2 . Post Office Bill


Context : The Rajya Sabha passed the Post Office Bill on Monday, which repeals and replaces the Post Office Act of 1898. 

Key features of the bill and contentious provisions:

  • The bill, introduced during the Monsoon Session of Parliament, aims to provide a simple legislative framework for post offices, facilitating their evolution into a network for citizen-centric services.
  • The contentious provision in the bill allows the central government, through notification, to empower officers to intercept, open, or detain items for reasons related to national security, public order, emergency, or contravention of prevailing laws.
  • The existing Indian Post Office Act of 1898 also provides for interception, albeit with some differences. Section 26 of the Act empowered the central government, state government, or a specially authorized officer to issue a written order for the interception, detention, or disposal of any postal article or a specific class or description of postal articles.
  • This authority was granted “on the occurrence of any public emergency or in the interest of public safety or tranquillity.” In cases of uncertainty regarding whether an action constituted a public emergency or was in the interest of public safety, a certificate from the relevant government was necessary.
  • In contrast, the new Post Office Bill, under clause 9, removes the requirement for a written order for interception. The central government is now empowered to intercept, open, or detain any item without the necessity of issuing a written order.
  • Communications Minister Vaishnaw defended the interception provision, stating its necessity for national security in a complex and diverse society. He assured that rules governing interception would be presented before Parliament.
  • However, it’s worth noting that the new bill itself does not explicitly provide for the introduction of interception procedures through rules, creating a discrepancy between the minister’s statement and the legislative text.
  • The proposed legislation empowers the director general of postal services to frame regulations for providing services and fix charges.
  • The bill exempts the government and officers from liability related to the loss, misdelivery, delay, or damage to postal articles.
  • However, it introduces the provision that the central government may prescribe liability with regard to services by India Post under the rules.

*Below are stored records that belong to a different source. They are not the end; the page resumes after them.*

section \<open>Derivations are multiples of I plus inner derivations\<close>

lemma fresh_index:
  fixes a b c :: nat
  assumes "4 \<le> p + q"
  obtains i where "i \<in> {1..p+q}" "i \<noteq> a" "i \<noteq> b" "i \<noteq> c"
proof -
  have "\<exists>i::nat. 1 \<le> i \<and> i \<le> 4 \<and> i \<noteq> a \<and> i \<noteq> b \<and> i \<noteq> c"
    by presburger
  then show ?thesis
    using assms that by force
qed

locale hpq_derivation =
  fixes p q :: nat and F :: "vf \<Rightarrow> vf"
  assumes derivation: "hderivation p q F" and dim: "4 \<le> p + q"
begin

definition Fmat :: "(nat \<Rightarrow> nat \<Rightarrow> real) \<Rightarrow> (nat \<Rightarrow> real) \<Rightarrow> nat \<Rightarrow> nat \<Rightarrow> real" where
  "Fmat A b = lin_part (F (affine p q A b))"

definition Fvec :: "(nat \<Rightarrow> nat \<Rightarrow> real) \<Rightarrow> (nat \<Rightarrow> real) \<Rightarrow> nat \<Rightarrow> real" where
  "Fvec A b = trans_part (F (affine p q A b))"

lemma F_hlinear: "hlinear p q F"
  using derivation by (simp add: hderivation_def)

lemma F_affine_parts:
  assumes "eta_skew p q A"
  shows "F (affine p q A b) = affine p q (Fmat A b) (Fvec A b) \<and> eta_skew p q (Fmat A b)"
proof -
  have "F (affine p q A b) \<in> hpq p q"
    using derivation affine_in_hpq[OF assms] unfolding hderivation_def by blast
  then show ?thesis
    using hpq_affine_parts unfolding Fmat_def Fvec_def by blast
qed

lemma F_affine: "eta_skew p q A \<Longrightarrow> F (affine p q A b) = affine p q (Fmat A b) (Fvec A b)"
  using F_affine_parts by blast

lemma eta_skew_Fmat: "eta_skew p q A \<Longrightarrow> eta_skew p q (Fmat A b)"
  using F_affine_parts by blast

lemma Fvec_zero [simp]: "Fvec (\<lambda>_ _. 0) (\<lambda>_. 0) = (\<lambda>_. 0)"
  unfolding Fvec_def vzero_affine[of p q, symmetric] hlinear_zero[OF F_hlinear]
  by (simp add: trans_part_def vzero_def)

lemma Fvec_cong: "affine p q A b = affine p q A' b' \<Longrightarrow> Fvec A b = Fvec A' b'"
  by (simp add: Fvec_def)

lemma Fvec_scale:
  assumes "eta_skew p q A"
  shows "Fvec (\<lambda>k l. c * A k l) (\<lambda>k. c * b k) = (\<lambda>k. c * Fvec A b k)"
  unfolding Fvec_def vsc_affine[symmetric] hlinear_vsc[OF F_hlinear affine_in_hpq[OF assms]]
  by (simp add: trans_part_def vsc_def)

lemma Fvec_bracket:
  assumes A: "eta_skew p q A" and B: "eta_skew p q B" and k: "k \<in> {1..p+q}"
  shows "Fvec (\<lambda>k l. mat_mul p q B A k l - mat_mul p q A B k l)
              (\<lambda>k. mat_vec p q B a k - mat_vec p q A b k) k
    = mat_vec p q B (Fvec A a) k - mat_vec p q (Fmat A a) b k
      + (mat_vec p q (Fmat B b) a k - mat_vec p q A (Fvec B b) k)"
proof -
  have "F (br p q (affine p q A a) (affine p q B b))
      = vadd (br p q (F (affine p q A a)) (affine p q B b)) (br p q (affine p q A a) (F (affine p q B b)))"
    using derivation affine_in_hpq[OF A] affine_in_hpq[OF B] unfolding hderivation_def by blast
  then show ?thesis
    using k unfolding br_affine F_affine[OF A] F_affine[OF B] F_affine[OF eta_skew_commutator[OF A B]]
      vadd_affine affine_eq_iff by blast
qed

definition M :: "nat \<Rightarrow> nat \<Rightarrow> real" where
  "M k i = Fvec (\<lambda>_ _. 0) (basis_vec i) k"

lemma Fmat_translation_sym:
  assumes i: "i \<in> {1..p+q}" and j: "j \<in> {1..p+q}" and k: "k \<in> {1..p+q}"
  shows "Fmat (\<lambda>_ _. 0) (basis_vec i) k j = Fmat (\<lambda>_ _. 0) (basis_vec j) k i"
  using Fvec_bracket[OF eta_skew_zero eta_skew_zero k, of "basis_vec i" "basis_vec j"]
  by (simp add: mat_vec_basis_vec[OF i] mat_vec_basis_vec[OF j])

text \<open>The array S i k j is eta-skew in (k, j) and symmetric in (i, j); once around the six-step
  cycle of these symmetries gives S = - S.\<close>
lemma Fmat_translation_zero:
  assumes i: "i \<in> {1..p+q}" and j: "j \<in> {1..p+q}" and k: "k \<in> {1..p+q}"
  shows "Fmat (\<lambda>_ _. 0) (basis_vec i) k j = 0"
proof -
  let ?S = "\<lambda>i k j. Fmat (\<lambda>_ _. 0) (basis_vec i) k j"
  have skew: "eta p k * ?S i k j = - (eta p j * ?S i j k)"
    if "i \<in> {1..p+q}" "k \<in> {1..p+q}" "j \<in> {1..p+q}" for i k j
    using eta_skew_Fmat[OF eta_skew_zero] that unfolding eta_skew_def by blast
  have "eta p k * ?S i k j = - (eta p j * ?S i j k)" by (rule skew[OF i k j])
  also have "?S i j k = ?S k j i" by (rule Fmat_translation_sym[OF i k j])
  also have "eta p j * ?S k j i = - (eta p i * ?S k i j)" by (rule skew[OF k j i])
  also have "?S k i j = ?S j i k" by (rule Fmat_translation_sym[OF k j i])
  also have "eta p i * ?S j i k = - (eta p k * ?S j k i)" by (rule skew[OF j i k])
  also have "?S j k i = ?S i k j" by (rule Fmat_translation_sym[OF j i k])
  finally have "eta p k * ?S i k j = - (eta p k * ?S i k j)" by simp
  then have "eta p k * ?S i k j = 0" by linarith
  then show ?thesis by simp
qed

lemma F_translation: "F (affine p q (\<lambda>_ _. 0) v) = affine p q (\<lambda>_ _. 0) (mat_vec p q M v)"
proof -
  have basis: "\<forall>s\<in>{1..p+q}. affine p q (\<lambda>_ _. 0) (basis_vec s) \<in> hpq p q"
    using affine_in_hpq[OF eta_skew_zero] by blast
  have "affine p q (\<lambda>_ _. 0) v = (\<lambda>x k. \<Sum>s\<in>{1..p+q}. v s * affine p q (\<lambda>_ _. 0) (basis_vec s) x k)"
    unfolding sum_affine affine_eq_iff using sum_basis_vec_left[of _ "p+q" v] by simp
  then have "F (affine p q (\<lambda>_ _. 0) v)
      = (\<lambda>x k. \<Sum>s\<in>{1..p+q}. v s * F (affine p q (\<lambda>_ _. 0) (basis_vec s)) x k)"
    using hlinear_sum[OF F_hlinear finite_atLeastAtMost basis] by simp
  also have "\<dots> = (\<lambda>x k. \<Sum>s\<in>{1..p+q}.
      v s * affine p q (Fmat (\<lambda>_ _. 0) (basis_vec s)) (Fvec (\<lambda>_ _. 0) (basis_vec s)) x k)"
    by (simp add: F_affine[OF eta_skew_zero])
  also have "\<dots> = affine p q (\<lambda>_ _. 0) (mat_vec p q M v)"
    unfolding sum_affine affine_eq_iff
    by (simp add: Fmat_translation_zero M_def mat_vec_def mult.commute)
  finally show ?thesis .
qed

lemma Fvec_translation: "k \<in> {1..p+q} \<Longrightarrow> Fvec (\<lambda>_ _. 0) v k = mat_vec p q M v k"
  by (simp add: Fvec_def F_translation trans_part_affine)

lemma Fmat_linear:
  assumes A: "eta_skew p q A" and k: "k \<in> {1..p+q}" and i: "i \<in> {1..p+q}"
  shows "Fmat A (\<lambda>_. 0) k i = mat_mul p q M A k i - mat_mul p q A M k i"
proof -
  have column: "Fvec (\<lambda>_ _. 0) (basis_vec i) = (\<lambda>r. M r i)"
    by (simp add: M_def)
  have "mat_vec p q M (\<lambda>r. - mat_vec p q A (basis_vec i) r) k
      = - mat_vec p q (Fmat A (\<lambda>_. 0)) (basis_vec i) k - mat_vec p q A (\<lambda>r. M r i) k"
    using Fvec_bracket[OF A eta_skew_zero k, of "\<lambda>_. 0" "basis_vec i"]
    by (simp add: Fvec_translation[OF k] column)
  moreover have "mat_vec p q A (basis_vec i) = (\<lambda>r. A r i)"
    using mat_vec_basis_vec[OF i] by blast
  moreover have "mat_vec p q M (\<lambda>r. - A r i) k = - mat_mul p q M A k i"
    by (simp add: mat_vec_def mat_mul_def sum_negf)
  moreover have "mat_vec p q A (\<lambda>r. M r i) k = mat_mul p q A M k i"
    by (simp add: mat_vec_def mat_mul_def)
  ultimately show ?thesis
    using mat_vec_basis_vec[OF i, of "Fmat A (\<lambda>_. 0)" k] by simp
qed

lemma M_offdiag:
  assumes m: "m \<in> {1..p+q}" and j: "j \<in> {1..p+q}" and "m \<noteq> j"
  shows "eta p m * M m j = - (eta p j * M j m)"
proof -
  obtain i where i: "i \<in> {1..p+q}" "i \<noteq> m" "i \<noteq> j"
    using fresh_index[OF dim, of m j j] by blast
  have "eta p m * Fmat (gen p i j) (\<lambda>_. 0) m i = - (eta p i * Fmat (gen p i j) (\<lambda>_. 0) i m)"
    using eta_skew_Fmat[OF eta_skew_gen[OF i(3)]] m i(1) unfolding eta_skew_def by blast
  moreover have "Fmat (gen p i j) (\<lambda>_. 0) m i = M m j"
    "Fmat (gen p i j) (\<lambda>_. 0) i m = eta p i * eta p j * M j m"
    using assms i by (simp_all add: Fmat_linear[OF eta_skew_gen] mat_mul_gen_left mat_mul_gen_right)
  ultimately show ?thesis
    by (cases "i \<le> p"; cases "j \<le> p") (simp_all add: eta_def)
qed

lemma M_diag:
  assumes i: "i \<in> {1..p+q}" and j: "j \<in> {1..p+q}"
  shows "M i i = M j j"
proof (cases "i = j")
  case False
  have "eta p j * Fmat (gen p i j) (\<lambda>_. 0) j i = - (eta p i * Fmat (gen p i j) (\<lambda>_. 0) i j)"
    using eta_skew_Fmat[OF eta_skew_gen[OF False]] i j unfolding eta_skew_def by blast
  moreover have "Fmat (gen p i j) (\<lambda>_. 0) j i = M j j - M i i"
    "Fmat (gen p i j) (\<lambda>_. 0) i j = eta p i * eta p j * (M j j - M i i)"
    using i j False by (simp_all add: Fmat_linear[OF eta_skew_gen] mat_mul_gen_left mat_mul_gen_right
                                      algebra_simps)
  ultimately show ?thesis
    by (cases "i \<le> p"; cases "j \<le> p") (simp_all add: eta_def)
qed simp

definition lam :: real where
  "lam = M 1 1"

definition N :: "nat \<Rightarrow> nat \<Rightarrow> real" where
  "N k l = (if k = l then 0 else M k l)"

lemma eta_skew_N: "eta_skew p q N"
  unfolding eta_skew_def
proof (intro ballI)
  fix k l assume "k \<in> {1..p+q}" "l \<in> {1..p+q}"
  then show "eta p k * N k l = - (eta p l * N l k)"
    using M_offdiag[of k l] by (cases "k = l") (simp_all add: N_def)
qed

lemma M_decomp: "k \<in> {1..p+q} \<Longrightarrow> M k l = N k l + (if k = l then lam else 0)"
  using M_diag[of k 1] dim by (auto simp: N_def lam_def)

3 . United Nations Food and Agriculture Organization (FAO) Report


Context : A groundbreaking report from the United Nations Food and Agriculture Organization (FAO), published earlier this month, has laid bare the staggering hidden costs of our global agri-food systems, surpassing an astonishing $10 trillion. In middle-income countries like India, these costs constitute nearly 11% of the GDP, which manifests as higher poverty, environmental harm, and health-related impacts, including undernourishment and unhealthy dietary patterns. The report blames “unsustainable business-as-usual activities and practices” for these escalating costs, pointing to a need to transform agri-food systems. One way to do so is to shift to multi-cropping systems that have the potential to protect farmers’ well-being, improve nutritional outcomes for our communities, and positively impact ecological health.

What are the impacts of intensive agriculture?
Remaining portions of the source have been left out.